When the width value of some lanes in the driving-out road section or the driving-in road section is overlarge, manually setting a certain rule to divide the lanes, for example, if the width of the lanes exceeds 6 meters, automatically dividing the lanes into two lanes with the width of 3 meters on average; or clustering is carried out through the collected current position history track information, whether the current lane is segmented or not is judged, and the segmentation proportion is determined.

For some small intersections or small turnouts, such as a garage entrance or a district entrance of a mall, no obvious marking or identification is used for determining the direction of the current road section, at this time, the current road section is judged by calling the historical track information of the vehicle at the current position, if the current position has no historical track information of the vehicle, the current road section can not be judged, and the current road section can be considered to be bidirectional.

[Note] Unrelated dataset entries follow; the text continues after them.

(* Take G to be the complement of the cycle C_(2n+1). For n >= 2 any two consecutive cycle
   vertices x, x+1 have the common G-neighbour x+3, so G has diameter 2 and two vertices are
   at G-distance 2 exactly when they are adjacent in the cycle. Hence D_2(G) is the cycle
   C_(2n+1) itself, whose diameter is n. *)

lemma walk_rev:
  assumes "walk V E p" and "\<And>x y. E x y \<Longrightarrow> E y x"
  shows "walk V E (rev p)"
  unfolding walk_def
proof (intro conjI allI impI)
  show "rev p \<noteq> []" "set (rev p) \<subseteq> V" using assms(1) by (auto simp: walk_def)
  fix i assume i: "Suc i < length (rev p)"
  then have "E (p ! (length p - Suc (Suc i))) (p ! Suc (length p - Suc (Suc i)))"
    using assms(1) unfolding walk_def by auto
  moreover have "Suc (length p - Suc (Suc i)) = length p - Suc i" using i by auto
  ultimately have "E (rev p ! Suc i) (rev p ! i)"
    using i by (simp add: rev_nth)
  then show "E (rev p ! i) (rev p ! Suc i)" by (rule assms(2))
qed

lemma reachable_in_sym:
  assumes "\<And>x y. E x y \<Longrightarrow> E y x" and "reachable_in V E k x y"
  shows "reachable_in V E k y x"
  using assms walk_rev[of V E _] unfolding reachable_in_def
  by (metis hd_rev last_rev length_rev)

lemma reachable_in_0_iff: "reachable_in V E 0 x y \<longleftrightarrow> x \<in> V \<and> x = y"
  unfolding reachable_in_def walk_def by (auto simp: length_Suc_conv intro!: exI[of _ "[x]"])

lemma reachable_in_1_iff: "reachable_in V E 1 x y \<longleftrightarrow> x \<in> V \<and> y \<in> V \<and> E x y"
  unfolding reachable_in_def walk_def
  by (auto simp: length_Suc_conv less_Suc_eq intro!: exI[of _ "[x, y]"])

lemma reachable_in_2I:
  "E x w \<Longrightarrow> E w y \<Longrightarrow> x \<in> V \<Longrightarrow> w \<in> V \<Longrightarrow> y \<in> V \<Longrightarrow> reachable_in V E 2 x y"
  unfolding reachable_in_def walk_def
  by (rule exI[of _ "[x, w, y]"]) (auto simp: less_Suc_eq nth_Cons split: nat.splits)

lemma dist_eqI:
  "reachable_in V E k x y \<Longrightarrow> (\<And>j. j < k \<Longrightarrow> \<not> reachable_in V E j x y) \<Longrightarrow> dist V E x y = k"
  unfolding dist_def by (rule Least_equality) (auto simp: not_less[symmetric])

lemma dist_le: "reachable_in V E k x y \<Longrightarrow> dist V E x y \<le> k"
  unfolding dist_def by (rule Least_le)

lemma has_diamI:
  assumes "x \<in> V" "y \<in> V" "dist V E x y = d"
    and "\<And>x y. x \<in> V \<Longrightarrow> y \<in> V \<Longrightarrow> \<exists>k\<le>d. reachable_in V E k x y"
  shows "has_diam V E d"
proof -
  have "\<exists>k. reachable_in V E k x y \<and> dist V E x y \<le> d" if xy: "x \<in> V" "y \<in> V" for x y
  proof -
    obtain k where "k \<le> d" "reachable_in V E k x y" using assms(4)[OF xy] by blast
    then show ?thesis using dist_le[of V E k x y] by auto
  qed
  then show ?thesis
    unfolding has_diam_def connected_graph_def using assms(1-3) by blast
qed

definition complement_graph :: "'a set \<Rightarrow> ('a \<Rightarrow> 'a \<Rightarrow> bool) \<Rightarrow> 'a \<Rightarrow> 'a \<Rightarrow> bool" where
  "complement_graph V E x y \<longleftrightarrow> x \<in> V \<and> y \<in> V \<and> x \<noteq> y \<and> \<not> E x y"

lemma simple_graph_complement_graph:
  "simple_graph V E \<Longrightarrow> simple_graph V (complement_graph V E)"
  unfolding simple_graph_def complement_graph_def by blast
lemma prob_rr_count_eq_ge:
  assumes "0 < wo" "\<forall>w\<in>set ws. 0 \<le> w" "sum_list ws = real K * wo"
  shows "rounding_prob wo K ws \<le> prob {\<omega> \<in> space M. rr_count wo (\<lambda>p. U l p \<omega>) ws = K}"
proof -
  let ?T = "rounded_up wo K ws"
  let ?f = "\<lambda>p. frac (ws ! p / wo)"
  define J where "J p = (if p \<in> ?T then {0<..<?f p} else {?f p<..<1})" for p
  have J_borel: "J p \<in> sets borel" for p
    by (simp add: J_def)
  have J_sub: "J p \<subseteq> {0<..<1}" for p
    by (auto simp: J_def intro: order.strict_trans1[OF frac_ge_0] order.strict_trans[OF _ frac_lt_1])
  have "rounding_prob wo K ws = (\<Prod>p<length ws. measure lborel (J p))"
    unfolding rounding_prob_def J_def
    by (intro prod.cong)
      (simp_all add: measure_lborel_Ioo[OF frac_ge_0] measure_lborel_Ioo[OF less_imp_le[OF frac_lt_1]])
  also have "\<dots> = prob {\<omega> \<in> space M. \<forall>p<length ws. U l p \<omega> \<in> J p}"
    by (simp add: prob_row_all_in[OF J_borel] prob_U_in[OF J_borel J_sub])
  also have "\<dots> \<le> prob {\<omega> \<in> space M. rr_count wo (\<lambda>p. U l p \<omega>) ws = K}"
  proof (rule finite_measure_mono)
    show "{\<omega> \<in> space M. \<forall>p<length ws. U l p \<omega> \<in> J p}
        \<subseteq> {\<omega> \<in> space M. rr_count wo (\<lambda>p. U l p \<omega>) ws = K}"
      using rounded_up(1)[OF assms]
      by (auto simp: J_def subset_eq intro!: rr_count_eq_if_rounded_up[OF assms] split: if_splits)
  qed measurable
  finally show ?thesis .
qed

lemma prob_past_row_indep:
  assumes "A \<in> sets (\<Pi>\<^sub>M i\<in>{i. fst i < l}. borel)" "B \<in> sets (\<Pi>\<^sub>M i\<in>{i. fst i = l}. borel)"
  shows "prob {\<omega> \<in> space M. (\<lambda>i\<in>{i. fst i < l}. U (fst i) (snd i) \<omega>) \<in> A
                            \<and> (\<lambda>i\<in>{i. fst i = l}. U (fst i) (snd i) \<omega>) \<in> B}
    = prob {\<omega> \<in> space M. (\<lambda>i\<in>{i. fst i < l}. U (fst i) (snd i) \<omega>) \<in> A}
      * prob {\<omega> \<in> space M. (\<lambda>i\<in>{i. fst i = l}. U (fst i) (snd i) \<omega>) \<in> B}"
proof -
  define I where "I c = (if c then {i :: nat \<times> nat. fst i < l} else {i. fst i = l})" for c
  define Y where "Y c \<omega> = (\<lambda>i\<in>I c. U (fst i) (snd i) \<omega>)" for c \<omega>
  have "indep_vars (\<lambda>c. \<Pi>\<^sub>M i\<in>I c. borel) Y UNIV"
    unfolding Y_def by (rule indep_vars_restrict[OF indep_U]) (auto simp: disjoint_family_on_def I_def)
  then have indep: "indep_sets (\<lambda>c. {Y c -` X \<inter> space M | X. X \<in> sets (\<Pi>\<^sub>M i\<in>I c. borel)}) UNIV"
    unfolding indep_vars_def2 by simp
  define Z where "Z c = (if c then Y True -` A \<inter> space M else Y False -` B \<inter> space M)" for c
  have "prob (\<Inter>c. Z c) = (\<Prod>c\<in>UNIV. prob (Z c))"
    by (rule indep_setsD[OF indep]) (use assms in \<open>auto simp: Z_def I_def\<close>)
  moreover have "(\<Inter>c. Z c) = Z True \<inter> Z False"
    by (rule INF_UNIV_bool_expand)
  moreover have "Z True \<inter> Z False = {\<omega> \<in> space M. (\<lambda>i\<in>{i. fst i < l}. U (fst i) (snd i) \<omega>) \<in> A
                            \<and> (\<lambda>i\<in>{i. fst i = l}. U (fst i) (snd i) \<omega>) \<in> B}"
    "Z True = {\<omega> \<in> space M. (\<lambda>i\<in>{i. fst i < l}. U (fst i) (snd i) \<omega>) \<in> A}"
    "Z False = {\<omega> \<in> space M. (\<lambda>i\<in>{i. fst i = l}. U (fst i) (snd i) \<omega>) \<in> B}"
    by (auto simp: Z_def Y_def I_def)
  ultimately show ?thesis by (simp add: UNIV_bool)
qed

end

locale rr_process = rr_population E S Nobj K ws0 + uniform_draws M U
  for E S Nobj K ws0 and M :: "'a measure" and U
begin

abbreviation pop :: "nat \<Rightarrow> 'a \<Rightarrow> real list" where
  "pop l \<omega> \<equiv> population E S Nobj ws0 (\<lambda>j p. U j p \<omega>) l"

lemma measurable_pop: "(\<lambda>\<omega>. pop l \<omega>) \<in> measurable M (count_space reachable)"
  by (rule measurable_population) simp

lemma pop_events[measurable]: "{\<omega> \<in> space M. P (pop l \<omega>)} \<in> events"
proof -
  have "{\<omega> \<in> space M. P (pop l \<omega>)} = (\<lambda>\<omega>. pop l \<omega>) -` {b \<in> reachable. P b} \<inter> space M"
    using population_in_reachable by auto
  also have "\<dots> \<in> events"
    by (rule measurable_sets[OF measurable_pop]) auto
  finally show ?thesis .
qed

lemma prob_pop_eq_rr_count_ne:
  "prob {\<omega> \<in> space M. pop l \<omega> = b \<and> rr_count wo (\<lambda>p. U l p \<omega>) b \<noteq> K}
     = prob {\<omega> \<in> space M. pop l \<omega> = b} * prob {\<omega> \<in> space M. rr_count wo (\<lambda>p. U l p \<omega>) b \<noteq> K}"
proof -
  let ?past = "\<lambda>\<omega>. \<lambda>i\<in>{i. fst i < l}. U (fst i) (snd i) \<omega>"
  let ?row = "\<lambda>\<omega>. \<lambda>i\<in>{i. fst i = l}. U (fst i) (snd i) \<omega>"
  define A where "A = {y \<in> space (\<Pi>\<^sub>M i\<in>{i. fst i < l}. borel).
    population E S Nobj ws0 (\<lambda>j p. y (j, p)) l = b}"
  define B where "B = {y \<in> space (\<Pi>\<^sub>M i\<in>{i. fst i = l}. borel).
    rr_count wo (\<lambda>p. y (l, p)) b \<noteq> K}"
  have "(\<lambda>y. population E S Nobj ws0 (\<lambda>j p. y (j, p)) l)
      \<in> measurable (\<Pi>\<^sub>M i\<in>{i. fst i < l}. borel) (count_space reachable)"
    by (rule measurable_population) simp
  then have A: "A \<in> sets (\<Pi>\<^sub>M i\<in>{i. fst i < l}. borel)"
    unfolding A_def by measurable
  have B: "B \<in> sets (\<Pi>\<^sub>M i\<in>{i. fst i = l}. borel)"
    unfolding B_def by measurable
  have "pop l \<omega> = population E S Nobj ws0 (\<lambda>j p. ?past \<omega> (j, p)) l" for \<omega>
    by (rule population_cong) auto
  then have "{\<omega> \<in> space M. pop l \<omega> = b \<and> rr_count wo (\<lambda>p. U l p \<omega>) b \<noteq> K}
      = {\<omega> \<in> space M. ?past \<omega> \<in> A \<and> ?row \<omega> \<in> B}"
    "{\<omega> \<in> space M. pop l \<omega> = b} = {\<omega> \<in> space M. ?past \<omega> \<in> A}"
    "{\<omega> \<in> space M. rr_count wo (\<lambda>p. U l p \<omega>) b \<noteq> K} = {\<omega> \<in> space M. ?row \<omega> \<in> B}"
    by (auto simp: A_def B_def space_PiM)
  then show ?thesis
    by (simp only: prob_past_row_indep[OF A B])
qed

The method designs a set of road junction lane form parameterization method, converts a large number of real track information of vehicles at different road junctions into topological relation data, correlates the road junction lane form with the topological relation data, establishes a corresponding relation, and then designs two methods for automatically generating the topological relation for any road junction, wherein one method is to discretize the road junction lane form parameter, then establish a mapping relation table between the road junction form and the topological relation data, parameterize the road junction lane form for any road junction, then inquire the mapping relation table obtained before to obtain the topological relation data, and the other method is to use a neural network model, take the road junction form data as input data, take the corresponding topological relation data as output data, train the neural network model, calculate the road junction lane form parameter for any road junction, input the road junction lane form parameter to the neural network model, and then obtain the output topological relation data.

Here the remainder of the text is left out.